lemma tent_H01: "(tent, tent_deriv) \<in> H01"
proof -
  have "((\<lambda>x. if x \<le> 0 then 1 + x else 1 - x), tent_deriv) \<in> H01"
    unfolding tent_deriv_def[abs_def] by (rule H01_piecewise_smooth) (auto intro!: derivative_eq_intros)
  moreover have "tent = (\<lambda>x. if x \<le> 0 then 1 + x else 1 - x)" by (auto simp: tent_def fun_eq_iff)
  ultimately show ?thesis by simp
qed

lemma L2sq_tent_deriv: "L2sq tent_deriv = 2"
proof -
  have "L2sq tent_deriv = (LINT x:{-1..1::real}|lborel. 1::real)"
    unfolding L2sq_def by (rule set_lebesgue_integral_cong) (auto simp: tent_deriv_def)
  also have "\<dots> = 1 - (-1)"
    by (rule set_integral_FTC_Icc[where F="\<lambda>x. x"]) (auto intro!: derivative_eq_intros)
  finally show ?thesis by simp
qed

text \<open>Solves \<open>\<psi>'' = k\<^sup>2 \<psi>\<close> on each half with \<open>\<psi>(\<plusminus>1) = 0\<close>; the derivative's value at the
  kink \<open>x = 0\<close> is irrelevant.\<close>
definition hc_extremal :: "real \<Rightarrow> real \<Rightarrow> real" where
  "hc_extremal k x = sinh (k * (1 - \<bar>x\<bar>))"

definition hc_extremal_deriv :: "real \<Rightarrow> real \<Rightarrow> real" where
  "hc_extremal_deriv k x = (if x \<le> 0 then k * cosh (k * (1 + x)) else - k * cosh (k * (1 - x)))"

lemma hc_extremal_H01: "(hc_extremal k, hc_extremal_deriv k) \<in> H01"
proof -
  have "((\<lambda>x. if x \<le> 0 then sinh (k * (1 + x)) else sinh (k * (1 - x))), hc_extremal_deriv k) \<in> H01"
    unfolding hc_extremal_deriv_def
    by (rule H01_piecewise_smooth) (auto intro!: derivative_eq_intros continuous_intros)
  moreover have "hc_extremal k = (\<lambda>x. if x \<le> 0 then sinh (k * (1 + x)) else sinh (k * (1 - x)))"
    by (auto simp: hc_extremal_def fun_eq_iff)
  ultimately show ?thesis by simp
qed

lemma two_sq_at_0_le_tanh_ratio:
  fixes \<psi> d :: "real \<Rightarrow> real"
  assumes H: "(\<psi>, d) \<in> H01" and k: "0 < k"
  shows "2 * (\<psi> 0)\<^sup>2 \<le> tanh_ratio k * (L2sq d + k\<^sup>2 * L2sq \<psi>)"
    and "\<psi> = hc_extremal k \<Longrightarrow> d = hc_extremal_deriv k \<Longrightarrow>
      2 * (\<psi> 0)\<^sup>2 = tanh_ratio k * (L2sq d + k\<^sup>2 * L2sq \<psi>)"
proof -
  define c where "c = \<psi> 0"
  define \<alpha> where "\<alpha> = sinh k / k"
  have \<alpha>: "0 < \<alpha>" using k by (simp add: \<alpha>_def)
  define DL DR PL PR where "DL = (LINT x:{-1..0}|lborel. (d x)\<^sup>2)" and "DR = (LINT x:{0..1}|lborel. (d x)\<^sup>2)"
    and "PL = (LINT x:{-1..0}|lborel. (\<psi> x)\<^sup>2)" and "PR = (LINT x:{0..1}|lborel. (\<psi> x)\<^sup>2)"
  have split: "L2sq d + k\<^sup>2 * L2sq \<psi> = (DL + k\<^sup>2 * PL) + (DR + k\<^sup>2 * PR)"
    using L2sq_split[OF H01_deriv_set_integrable_square[OF H order_refl order_refl]]
      L2sq_split[OF H01_set_integrable_square[OF H order_refl order_refl]]
    by (simp add: DL_def DR_def PL_def PR_def algebra_simps)
  have energy: "(LINT x:{a..b}|lborel. (s * c * cosh (k * (1 + s * x)))\<^sup>2 + ((s\<^sup>2 * c * k * sinh (k * (1 + s * x)) + 0) / k)\<^sup>2) / \<alpha>
      = c\<^sup>2 * cosh k"
    if "s = 1 \<and> a = -1 \<and> b = 0 \<or> s = -1 \<and> a = 0 \<and> b = 1" for s a b :: real
  proof -
    have "(LINT x:{a..b}|lborel. (s * c * cosh (k * (1 + s * x)))\<^sup>2 + ((s\<^sup>2 * c * k * sinh (k * (1 + s * x)) + 0) / k)\<^sup>2)
        = s * c\<^sup>2 * sinh (k * (1 + s * b)) * cosh (k * (1 + s * b)) / k
          - s * c\<^sup>2 * sinh (k * (1 + s * a)) * cosh (k * (1 + s * a)) / k"
      by (rule set_integral_FTC_Icc)
         (use that k in \<open>auto intro!: derivative_eq_intros continuous_intros simp: power2_eq_square field_simps\<close>)
    then show ?thesis using that k by (auto simp: \<alpha>_def field_simps)
  qed
  have W: "((\<lambda>x. s * c * cosh (k * (1 + s * x))) has_real_derivative s\<^sup>2 * c * k * sinh (k * (1 + s * x))) (at x)"
    for s x :: real
    by (auto intro!: derivative_eq_intros simp: power2_eq_square algebra_simps)
  have w: "continuous_on UNIV (\<lambda>x. s\<^sup>2 * c * k * sinh (k * (1 + s * x)))" for s :: real
    by (intro continuous_intros)
  note cal_L = H01_calibration[where a="-1" and b=0 and e=0, OF H _ _ _ W[of 1] w[of 1] \<alpha> k]
   and cal_R = H01_calibration[where a=0 and b=1 and e=0, OF H _ _ _ W[of "-1"] w[of "-1"] \<alpha> k]
  have endpoints: "\<psi> (-1) = 0" "\<psi> 1 = 0" "\<psi> 0 = c"
    using H01_left_endpoint[OF H] H01_right_endpoint[OF H] by (simp_all add: c_def)
  have to_tanh_le: "2 * c\<^sup>2 * cosh k \<le> \<alpha> * X \<Longrightarrow> 2 * c\<^sup>2 \<le> tanh_ratio k * X"
    and to_tanh_eq: "2 * c\<^sup>2 * cosh k = \<alpha> * X \<Longrightarrow> 2 * c\<^sup>2 = tanh_ratio k * X" for X
    using k by (auto simp: \<alpha>_def tanh_ratio_def tanh_def field_simps)
  have "2 * (c\<^sup>2 * cosh k) \<le> \<alpha> * (DL + k\<^sup>2 * PL) + c\<^sup>2 * cosh k"
    and "2 * (c\<^sup>2 * cosh k) \<le> \<alpha> * (DR + k\<^sup>2 * PR) + c\<^sup>2 * cosh k"
    using cal_L(1) cal_R(1) energy[of 1 "-1" 0] energy[of "-1" 0 1]
    by (simp_all add: endpoints DL_def DR_def PL_def PR_def power2_eq_square algebra_simps)
  then show "2 * (\<psi> 0)\<^sup>2 \<le> tanh_ratio k * (L2sq d + k\<^sup>2 * L2sq \<psi>)"
    unfolding c_def[symmetric] split by (intro to_tanh_le) (simp add: algebra_simps)
  assume ext: "\<psi> = hc_extremal k" "d = hc_extremal_deriv k"
  then have c: "c = sinh k" by (simp add: c_def hc_extremal_def)
  have eq_L: "\<alpha> * d x = 1 * c * cosh (k * (1 + 1 * x)) \<and> \<alpha> * k\<^sup>2 * \<psi> x = 1\<^sup>2 * c * k * sinh (k * (1 + 1 * x)) + 0"
    if "-1 < x" "x < 0" for x
    using that k unfolding ext c by (auto simp: hc_extremal_def hc_extremal_deriv_def \<alpha>_def power2_eq_square)
  have eq_R: "\<alpha> * d x = -1 * c * cosh (k * (1 + -1 * x)) \<and>
      \<alpha> * k\<^sup>2 * \<psi> x = (-1)\<^sup>2 * c * k * sinh (k * (1 + -1 * x)) + 0"
    if "0 < x" "x < 1" for x
    using that k unfolding ext c by (auto simp: hc_extremal_def hc_extremal_deriv_def \<alpha>_def power2_eq_square)
  have "2 * (c\<^sup>2 * cosh k) = \<alpha> * (DL + k\<^sup>2 * PL) + c\<^sup>2 * cosh k"
    and "2 * (c\<^sup>2 * cosh k) = \<alpha> * (DR + k\<^sup>2 * PR) + c\<^sup>2 * cosh k"
    using cal_L(2)[OF _ _ _ eq_L] cal_R(2)[OF _ _ _ eq_R] energy[of 1 "-1" 0] energy[of "-1" 0 1]
    by (simp_all add: endpoints DL_def DR_def PL_def PR_def power2_eq_square algebra_simps)
  then show "2 * (\<psi> 0)\<^sup>2 = tanh_ratio k * (L2sq d + k\<^sup>2 * L2sq \<psi>)"
    unfolding c_def[symmetric] split by (intro to_tanh_eq) (simp add: algebra_simps)
qed

text \<open>Solves \<open>\<psi>'''' = m\<^sup>2 \<psi>''\<close> on each half with \<open>\<psi> = \<psi>' = 0\<close> at \<open>\<plusminus>1\<close>.\<close>
definition vc_extremal :: "real \<Rightarrow> real \<Rightarrow> real" where
  "vc_extremal m x = cosh (m / 2) * (1 - \<bar>x\<bar>) - (sinh (m * (1 / 2 - \<bar>x\<bar>)) + sinh (m / 2)) / m"

definition vc_extremal_deriv :: "real \<Rightarrow> real \<Rightarrow> real" where
  "vc_extremal_deriv m x =
    (if x \<le> 0 then cosh (m / 2) - cosh (m * (1 / 2 + x)) else cosh (m * (1 / 2 - x)) - cosh (m / 2))"

definition vc_extremal_deriv2 :: "real \<Rightarrow> real \<Rightarrow> real" where
  "vc_extremal_deriv2 m x = - m * sinh (m * (1 / 2 - \<bar>x\<bar>))"

lemma vc_extremal_H02:
  assumes m: "0 < m"
  shows "(vc_extremal m, vc_extremal_deriv m, vc_extremal_deriv2 m) \<in> H02"
proof -
  have half: "m * (1 / 2 + -1) = - (m / 2)" "m * (1 / 2 - 1) = - (m / 2)" by simp_all
  have "((\<lambda>x. if x \<le> 0 then cosh (m / 2) * (1 + x) - (sinh (m * (1 / 2 + x)) + sinh (m / 2)) / m
      else cosh (m / 2) * (1 - x) - (sinh (m * (1 / 2 - x)) + sinh (m / 2)) / m), vc_extremal_deriv m) \<in> H01"
    unfolding vc_extremal_deriv_def
    by (rule H01_piecewise_smooth)
       (use m in \<open>auto intro!: derivative_eq_intros continuous_intros simp: half field_simps\<close>)
  moreover have "((vc_extremal_deriv m), (\<lambda>x. if x \<le> 0 then - m * sinh (m * (1 / 2 + x))
      else - m * sinh (m * (1 / 2 - x)))) \<in> H01"
    unfolding vc_extremal_deriv_def
    by (rule H01_piecewise_smooth) (auto intro!: derivative_eq_intros continuous_intros simp: half)
  moreover have "vc_extremal m = (\<lambda>x. if x \<le> 0 then cosh (m / 2) * (1 + x) - (sinh (m * (1 / 2 + x)) + sinh (m / 2)) / m
      else cosh (m / 2) * (1 - x) - (sinh (m * (1 / 2 - x)) + sinh (m / 2)) / m)"
    and "vc_extremal_deriv2 m = (\<lambda>x. if x \<le> 0 then - m * sinh (m * (1 / 2 + x)) else - m * sinh (m * (1 / 2 - x)))"
    by (auto simp: vc_extremal_def vc_extremal_deriv2_def fun_eq_iff)
  ultimately show ?thesis by (simp add: H02_def)
qed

+--

Once the line with "note cal_L = H01_calibration[where" is found in the records above, print exactly that line and every line after it through the line with "k) \<le> \<alpha> * (DL".

Reply:
  note cal_L = H01_calibration[where a="-1" and b=0 and e=0, OF H _ _ _ W[of 1] w[of 1] \<alpha> k]
   and cal_R = H01_calibration[where a=0 and b=1 and e=0, OF H _ _ _ W[of "-1"] w[of "-1"] \<alpha> k]
  have endpoints: "\<psi> (-1) = 0" "\<psi> 1 = 0" "\<psi> 0 = c"
    using H01_left_endpoint[OF H] H01_right_endpoint[OF H] by (simp_all add: c_def)
  have to_tanh_le: "2 * c\<^sup>2 * cosh k \<le> \<alpha> * X \<Longrightarrow> 2 * c\<^sup>2 \<le> tanh_ratio k * X"
    and to_tanh_eq: "2 * c\<^sup>2 * cosh k = \<alpha> * X \<Longrightarrow> 2 * c\<^sup>2 = tanh_ratio k * X" for X
    using k by (auto simp: \<alpha>_def tanh_ratio_def tanh_def field_simps)
  have "2 * (c\<^sup>2 * cosh k) \<le> \<alpha> * (DL + k\<^sup>2 * PL) + c\<^sup>2 * cosh k"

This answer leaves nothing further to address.